### Record extracts ###

lemma subalg_gen_symmetric_diag_polys:
  assumes "S \<subseteq> symmetric_diag_polys n"
  shows "subalg_gen S \<subseteq> symmetric_diag_polys n"
proof (rule subalg_gen_minimal[OF assms])
  have closed: "subalg_gen (symmetric_diag_polys n) \<subseteq> mpolys_over (diag_vars n)"
    by (rule subalg_gen_mpolys_over) (auto simp: symmetric_diag_polys_iff)
  show "mconst c \<in> symmetric_diag_polys n" for c
    using closed subalg_gen.const
    by (auto simp: symmetric_diag_polys_iff rename_vars_mconst bij_map_prod_permutes)
  show "p + q \<in> symmetric_diag_polys n" if "p \<in> symmetric_diag_polys n" "q \<in> symmetric_diag_polys n" for p q
    using that closed subalg_gen.add[OF subalg_gen.gen subalg_gen.gen, of p _ q]
    by (auto simp: symmetric_diag_polys_iff rename_vars_add bij_map_prod_permutes)
  show "p * q \<in> symmetric_diag_polys n" if "p \<in> symmetric_diag_polys n" "q \<in> symmetric_diag_polys n" for p q
    using that closed subalg_gen.mult[OF subalg_gen.gen subalg_gen.gen, of p _ q]
    by (auto simp: symmetric_diag_polys_iff rename_vars_mult bij_map_prod_permutes)
qed

lemma bij_betw_image_mset_multisets_of_size:
  assumes "\<sigma> permutes A"
  shows "bij_betw (image_mset \<sigma>) (multisets_of_size A d) (multisets_of_size A d)"
proof -
  have image: "image_mset \<tau> M \<in> multisets_of_size A d"
    if "\<tau> permutes A" "M \<in> multisets_of_size A d" for \<tau> M
    using that permutes_image[OF that(1)] by (auto simp: multisets_of_size_def)
  show ?thesis
    by (rule bij_betw_byWitness[where f' = "image_mset (inv_into UNIV \<sigma>)"])
      (use assms permutes_inv[OF assms] in \<open>auto simp: multiset.map_comp permutes_inv_o image\<close>)
qed

lemma rename_vars_mset_weight:
  assumes "\<sigma> permutes {..<n}"
  shows "rename_vars (map_prod \<sigma> \<sigma>) (mset_weight n diag_var M) = mset_weight n diag_var (image_mset \<sigma> M)"
proof -
  interpret comm_ring_hom "rename_vars (map_prod \<sigma> \<sigma>)"
    using assms by (intro comm_ring_hom_rename_vars bij_map_prod_permutes)
  have "inj \<sigma>"
    using assms by (rule permutes_inj)
  then have count: "count (image_mset \<sigma> M) (\<sigma> a) = count M a" for a
    by (induction M) (auto simp: inj_eq)
  have "rename_vars (map_prod \<sigma> \<sigma>) (mset_weight n diag_var M) =
      (\<Sum>a<n. of_nat (count (image_mset \<sigma> M) (\<sigma> a)) * diag_var (\<sigma> a))"
    unfolding mset_weight_def count
    using assms by (simp add: hom_sum hom_mult hom_of_nat rename_vars_mvar bij_map_prod_permutes)
  also have "\<dots> = (\<Sum>b\<in>\<sigma> ` {..<n}. of_nat (count (image_mset \<sigma> M) b) * diag_var b)"
    by (simp add: sum.reindex inj_on_subset[OF \<open>inj \<sigma>\<close>])
  also have "\<sigma> ` {..<n} = {..<n}"
    using assms by (rule permutes_image)
  finally show ?thesis
    unfolding mset_weight_def .
qed

lemma coeff_prod_weights_symmetric:
  "coeff (\<Prod>M\<in>multisets_of_size {..<n} d. [:mset_weight n diag_var M, 1:]) i \<in> symmetric_diag_polys n"
  (is "coeff (\<Prod>M\<in>?W. ?factor M) i \<in> _")
proof (unfold symmetric_diag_polys_iff, intro conjI allI impI)
  have "coeff (\<Prod>M\<in>?W. ?factor M) i \<in> subalg_gen (mpolys_over (diag_vars n))"
    by (intro coeff_prod_linear_subalg_gen subalg_gen.gen mset_weight_mpolys_over)
  then show "coeff (\<Prod>M\<in>?W. ?factor M) i \<in> mpolys_over (diag_vars n)"
    using subalg_gen_mpolys_over[OF order_refl] by blast
  fix \<sigma> assume "\<sigma> permutes {..<n}"
  interpret comm_ring_hom "rename_vars (map_prod \<sigma> \<sigma>)"
    using \<open>\<sigma> permutes {..<n}\<close> by (intro comm_ring_hom_rename_vars bij_map_prod_permutes)
  have "rename_vars (map_prod \<sigma> \<sigma>) (coeff (\<Prod>M\<in>?W. ?factor M) i) =
      coeff (\<Prod>M\<in>?W. ?factor (image_mset \<sigma> M)) i"
    by (simp only: hom_coeff_prod_linear rename_vars_mset_weight[OF \<open>\<sigma> permutes {..<n}\<close>])
  also have "(\<Prod>M\<in>?W. ?factor (image_mset \<sigma> M)) = (\<Prod>M\<in>?W. ?factor M)"
    using bij_betw_image_mset_multisets_of_size[OF \<open>\<sigma> permutes {..<n}\<close>]
    by (rule prod.reindex_bij_betw)
  finally show "rename_vars (map_prod \<sigma> \<sigma>) (coeff (\<Prod>M\<in>?W. ?factor M) i) = coeff (\<Prod>M\<in>?W. ?factor M) i" .
qed

section \<open>Power sums generate the symmetric polynomials\<close>

definition distinct_lists :: "nat \<Rightarrow> nat \<Rightarrow> nat list set" where
  "distinct_lists n l = {xs. distinct xs \<and> length xs = l \<and> set xs \<subseteq> {..<n}}"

###

### Exercise goal:
For each line above that includes "then", make a copy.

### Solution to the exercise:
  then have count: "count (image_mset \<sigma> M) (\<sigma> a) = count M a" for a
  then show "coeff (\<Prod>M\<in>?W. ?factor M) i \<in> mpolys_over (diag_vars n)"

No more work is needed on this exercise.